**Activity:** Restrict the output to the lines below starting at the one that contains "define pattern where" and ending at the one that contains "R \<longleftrightarrow> R", and restate them word for word, both ends included.

===== Data provided =====

lemma sort_map_nth_cong_order:
  assumes "\<And>i j. i \<in> set xs \<Longrightarrow> j \<in> set xs \<Longrightarrow> U i \<le> U j \<longleftrightarrow> V i \<le> V j" and "t < length xs"
  shows "\<exists>j\<in>set xs. sort (map U xs) ! t = U j \<and> sort (map V xs) ! t = V j"
proof -
  let ?j = "sort_key U xs ! t"
  have "?j \<in> set xs" using assms(2) by (metis length_sort nth_mem set_sort)
  moreover have "sort_key V xs = sort_key U xs"
    by (rule sort_key_cong_order[symmetric]) (rule assms(1))
  ultimately show ?thesis using assms(2) by (auto simp: sort_map)
qed

section \<open>The uniform random input\<close>

abbreviation "unif01 \<equiv> uniform_measure lborel {0<..<1::real}"

lemma prob_space_unif01: "prob_space unif01"
  by (rule prob_space_uniform_measure) auto

lemma prob_space_unif_input: "prob_space (unif_input n)"
  unfolding unif_input_def by (rule prob_space_PiM) (rule prob_space_unif01)

definition same_order :: "nat \<Rightarrow> (nat \<Rightarrow> real) \<Rightarrow> (nat \<Rightarrow> real) \<Rightarrow> bool" where
  "same_order n U V \<longleftrightarrow> (\<forall>i\<in>{1..n}. \<forall>j\<in>{1..n}. (U i \<le> U j \<longleftrightarrow> V i \<le> V j))"

lemma order_invariant_measurable:
  assumes invariant: "\<And>U V. U \<in> space (unif_input n) \<Longrightarrow> V \<in> space (unif_input n) \<Longrightarrow>
      same_order n U V \<Longrightarrow> F U = F V"
  shows "{U \<in> space (unif_input n). F U \<in> S} \<in> sets (unif_input n)"
proof -
  define M where "M = unif_input n"
  define pattern where "pattern U = {p \<in> {1..n}\<times>{1..n}. U (fst p) \<le> U (snd p)}" for U :: "nat \<Rightarrow> real"
  define X where "X = {U \<in> space M. F U \<in> S}"
  have pattern_class: "{V \<in> space M. pattern V = R} \<in> sets M" for R
  proof -
    have "(\<lambda>V. V i) \<in> borel_measurable M" if "i \<in> {1..n}" for i
      using measurable_compose[OF measurable_component_singleton[OF that] measurable_ident_sets,
          of "\<lambda>_. unif01" borel]
      by (simp add: M_def unif_input_def)
    then have "Measurable.pred M (\<lambda>V. V i \<le> V j)" if "i \<in> {1..n}" "j \<in> {1..n}" for i j
      using that unfolding pred_def by (intro borel_measurable_le) auto
    then have "Measurable.pred M (\<lambda>V. R \<subseteq> {1..n}\<times>{1..n} \<and>
        (\<forall>p\<in>{1..n}\<times>{1..n}. p \<in> R \<longleftrightarrow> V (fst p) \<le> V (snd p)))"
      by (intro pred_intros_logic pred_intros_finite) auto
    moreover have "pattern V = R \<longleftrightarrow> R \<subseteq> {1..n}\<times>{1..n} \<and>
        (\<forall>p\<in>{1..n}\<times>{1..n}. p \<in> R \<longleftrightarrow> V (fst p) \<le> V (snd p))" for V
      by (auto simp: pattern_def)
    ultimately show ?thesis by (simp add: pred_def)
  qed
  have "X = (\<Union>R\<in>pattern ` X. {V \<in> space M. pattern V = R})"
  proof (intro equalityI subsetI)
    fix V assume "V \<in> (\<Union>R\<in>pattern ` X. {V \<in> space M. pattern V = R})"
    then obtain U where U: "U \<in> X" and V: "V \<in> space M" "pattern V = pattern U" by auto
    have "same_order n U V"
      unfolding same_order_def
    proof (intro ballI)
      fix i j assume "i \<in> {1..n}" "j \<in> {1..n}"
      then show "U i \<le> U j \<longleftrightarrow> V i \<le> V j"
        using V(2) by (auto simp: pattern_def set_eq_iff)
    qed
    then show "V \<in> X" using invariant U V by (auto simp: X_def M_def)
  qed (auto simp: X_def)
  moreover have "finite (pattern ` X)"
    by (rule finite_subset[of _ "Pow ({1..n}\<times>{1..n})"]) (auto simp: pattern_def)
  ultimately have "X \<in> sets M"
    using pattern_class by (metis (no_types, lifting) sets.finite_UN)
  then show ?thesis by (simp add: X_def M_def)
qed

lemma emeasure_unif01_singleton: "emeasure unif01 {x} = 0"
proof -
  have "emeasure lborel ({0<..<1} \<inter> {x}) \<le> emeasure lborel {x::real}"
    by (rule emeasure_mono) auto
  then show ?thesis by (simp add: emeasure_uniform_measure)
qed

=====

**Solution for this exercise:**
  define pattern where "pattern U = {p \<in> {1..n}\<times>{1..n}. U (fst p) \<le> U (snd p)}" for U :: "nat \<Rightarrow> real"
  define X where "X = {U \<in> space M. F U \<in> S}"
  have pattern_class: "{V \<in> space M. pattern V = R} \<in> sets M" for R
  proof -
    have "(\<lambda>V. V i) \<in> borel_measurable M" if "i \<in> {1..n}" for i
      using measurable_compose[OF measurable_component_singleton[OF that] measurable_ident_sets,
          of "\<lambda>_. unif01" borel]
      by (simp add: M_def unif_input_def)
    then have "Measurable.pred M (\<lambda>V. V i \<le> V j)" if "i \<in> {1..n}" "j \<in> {1..n}" for i j
      using that unfolding pred_def by (intro borel_measurable_le) auto
    then have "Measurable.pred M (\<lambda>V. R \<subseteq> {1..n}\<times>{1..n} \<and>
        (\<forall>p\<in>{1..n}\<times>{1..n}. p \<in> R \<longleftrightarrow> V (fst p) \<le> V (snd p)))"
      by (intro pred_intros_logic pred_intros_finite) auto
    moreover have "pattern V = R \<longleftrightarrow> R \<subseteq> {1..n}\<times>{1..n} \<and>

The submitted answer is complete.